Because the mindcore has the programming capabilities of the mindshell supporting it, as well as the visual and audio sensory fields that are no different than our own, the minderelle’s computer capabilities are built-in rather than external.

The Identity of Humanon Minderelles

Clubs, schools, businesses, cities, nations, and other human groups will commonly keep their members informed of all the news and activities of the group. For their part, members of these human groups often identify as one with the groups to which they belong and feel a loyalty to their groups. Because the number of minderelles needed to keep humanons functional is extraordinarily high, it would be motivationally important to create a common identity for all the minderelles of a humanon.
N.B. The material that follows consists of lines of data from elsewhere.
sublocale M: colour_sampling cross_edges c colour_dist p \<Lambda>
proof
  show "finite cross_edges" by (rule finite_cross_edges)
next
  fix e assume e: "e \<in> cross_edges"
  have clsP: "pair_of e \<in> pairs r" using pair_of_cross_edge[OF e] by simp
  have q: "pmf (pair_choice (c e)) (pair_of e) = pair_weight (c e) (pair_of e)"
    using pair_choice_props[of "c e"] e cross_edges_subset clsP by auto
  show "measure_pmf.prob (colour_dist (c e)) {S. e \<in> S} = p"
    unfolding colour_dist_def
  proof (rule prob_class_thinning_mem)
    show "finite {e' \<in> cross_edges. c e' = c e}" using finite_cross_edges by simp
    show "e \<in> {e' \<in> cross_edges. c e' = c e}" using e by simp
    show "0 \<le> p" using p_pos by simp
    show "p \<le> pmf (pair_choice (c e)) (pair_of e)" using q p_le_pair_weight by simp
    show "0 < pmf (pair_choice (c e)) (pair_of e)"
      using q p_le_pair_weight[of "c e" "pair_of e"] p_pos by simp
  qed
next
  fix \<alpha> assume a: "\<alpha> \<in> c ` cross_edges"
  have "\<alpha> \<in> c ` EG" using a cross_edges_subset by blast
  then have "set_pmf (pair_choice \<alpha>) \<subseteq> insert (0, 0) (pairs r)"
    using pair_choice_props by blast
  then have "finite (set_pmf (pair_choice \<alpha>))" using finite_pairs finite_subset by blast
  then show "finite (set_pmf (colour_dist \<alpha>))" unfolding colour_dist_def
    by (intro finite_set_pmf_class_thinning) (use finite_cross_edges in simp_all)
next
  fix \<alpha> v
  have "card {e \<in> cross_edges. c e = \<alpha> \<and> v \<in> e}
      \<le> card {e \<in> EG. c e = \<alpha> \<and> v \<in> e}"
    by (rule card_mono) (use finite_EG cross_edges_subset in auto)
  also have "\<dots> \<le> \<Lambda>" using loc_bounded unfolding locally_bounded_def by auto
  finally show "card {e \<in> cross_edges. c e = \<alpha> \<and> v \<in> e} \<le> \<Lambda>" .
next
  show "0 \<le> p" using p_pos by simp
  show "p \<le> 1" by (rule p_le_1)
qed


lemma adj_cross_edges:
  assumes i: "i \<in> {1..r}" and j: "j \<in> {1..r}" and ij: "i \<noteq> j" and v: "v \<in> V i"
    and w: "w \<in> V j"
  shows "adj cross_edges v w = adj EG v w"
proof -
  have "{v, w} \<in> cross_edges" if vw: "{v, w} \<in> EG"
  proof (cases "i < j")
    case True
    have "(i, j) \<in> pairs r" using i j True by (simp add: pairs_def)
    moreover have "{v, w} \<in> pair_edges (i, j)" using vw v w
      unfolding pair_edges_def edges_between_def by auto
    ultimately show ?thesis unfolding cross_edges_def by blast
  next
    case False
    then have "j < i" using ij by simp
    then have "(j, i) \<in> pairs r" using i j by (simp add: pairs_def)
    moreover have "{v, w} \<in> pair_edges (j, i)" using vw v w
      unfolding pair_edges_def edges_between_def by (auto simp: insert_commute)
    ultimately show ?thesis unfolding cross_edges_def by blast
  qed
  then show ?thesis using cross_edges_subset unfolding adj_def by auto
qed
Therefore, all the minderelles of a humanon will likely be kept informed of their humanon’s news and activities, will identify as one with their humanon, and will feel a loyalty to their humanon. Any of the minderelles from this humanon could later go on to become the primary of a human and this minderelle would still have all the memories of its previous experience with the earlier humanon.

While these memories would remain part of the minderelle’s personal memories, these memories would likely be inaccessible during the time it spends as a human primary, for these personal memories would be suppressed by incoming memories from the brain as discussed earlier. These memories would only be accessible should there be some disruption or lack of development with the incoming data from the brain during the memory time slot of the primary.